If Facebook has acted in breach of data protection law, action by private individuals in the UK has become more feasible very recently following the Court of Appeal’s ruling in Vidal-Hall v Google [2015] EWCA Civ 311, [2015] All ER (D) 307 (Mar) which has done away with the need for a claimant for damages under the UK’s Data Protection Act 1998 to show financial loss.

The Belgian Privacy Commission is expected to decide by 29 April 2015 whether or not to act upon the report.

What are the challenges of online consent in an Internet without borders?

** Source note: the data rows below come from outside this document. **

theorem lemma1:
  fixes pyx :: "'x::finite \<Rightarrow> 'y::finite \<Rightarrow> real" and px :: "'x \<Rightarrow> real"
    and enc :: "'x \<Rightarrow> 't::finite \<Rightarrow> real" and dec :: "'t \<Rightarrow> 'y \<Rightarrow> real"
    and marg :: "'t \<Rightarrow> real" and \<beta> :: real
  assumes joint: "is_joint_distribution pyx px"
    and px_pos: "\<forall>x. px x > 0"
    and beta_pos: "\<beta> > 0"
    and root: "is_IB_root \<beta> pyx px enc dec marg"
    and dec_pos: "\<forall>t y. dec t y > 0"
    and marg_pos: "\<forall>t. marg t > 0"
  shows "dim (right_kernel (mat 1 - IB_S \<beta> pyx px enc dec marg))
           = dim (right_kernel (mat 1 - IB_J \<beta> pyx px enc dec marg))
         \<and> bij_betw (extend_vec \<beta>)
             (left_kernel (mat 1 - IB_S \<beta> pyx px enc dec marg))
             (left_kernel (mat 1 - IB_J \<beta> pyx px enc dec marg))"
proof -
  have pyx_sum: "\<And>x. (\<Sum>y\<in>UNIV. pyx x y) = 1"
    using joint by (simp add: is_joint_distribution_def)
  have enc_sum: "\<And>x. (\<Sum>t\<in>UNIV. enc x t) = 1"
    using root marg_pos by (rule IB_root_enc_sum)
  have inv_enc_sum: "\<And>t. (\<Sum>x\<in>UNIV. inv_enc px enc marg t x) = 1"
    using root marg_pos by (simp add: IB_root_inv_enc_sum less_imp_neq[symmetric])
  have dec_eq: "\<And>t y. dec t y = (\<Sum>x\<in>UNIV. pyx x y * inv_enc px enc marg t x)"
    using root unfolding is_IB_root_def by blast
  have dec_nz: "\<And>t y. dec t y \<noteq> 0"
    using dec_pos by (simp add: less_imp_neq[symmetric])
  note normalized = pyx_sum enc_sum inv_enc_sum dec_eq dec_nz
  have beta_nz: "\<beta> \<noteq> 0" using beta_pos by simp
  have bij: "bij_betw (extend_vec \<beta>)
      (left_kernel (mat 1 - IB_S \<beta> pyx px enc dec marg))
      (left_kernel (mat 1 - IB_J \<beta> pyx px enc dec marg))"
    by (rule bij_betw_left_kernels_section[OF extend_vec_Inl
          extend_vec_mult_IB_J_Inl[OF normalized beta_nz]
          IB_J_rows_in_range_extend_vec[OF normalized beta_nz]])
  moreover from bij have "dim (right_kernel (mat 1 - IB_S \<beta> pyx px enc dec marg))
      = dim (right_kernel (mat 1 - IB_J \<beta> pyx px enc dec marg))"
    by (rule dim_right_kernel_eq_if_bij_betw_left_kernels[OF linear_extend_vec inj_extend_vec])
  ultimately show ?thesis by simp
qed

end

As the report points out, the tracking techniques deployed by Internet companies are constantly evolving. In fact it is becoming increasingly possible to track users across the web without the use of cookies at all through techniques known as ‘fingerprinting’, thus rendering the protection in the e-Privacy Directive, art 5(3) outdated. While the data collected by such techniques is still capable of attracting the protection of the Data Protection Directive, the collection itself may be outside the current scope of the law. However, as the European Court of Justice has demonstrated in Google Spain SL and another company v Agencia Espanola de proteccion de Datos (AEPD) and another: C-131/12 [2014] All ER (D) 124 (the ‘right to be forgotten case’) and consistent with the new data protection ‘super-regulation’ due to be passed this year and come into force by 2017, European data protection law will soon apply to any company that does business here, regardless of where it is established.

Jonathan Price was interviewed by Alex Heshmaty.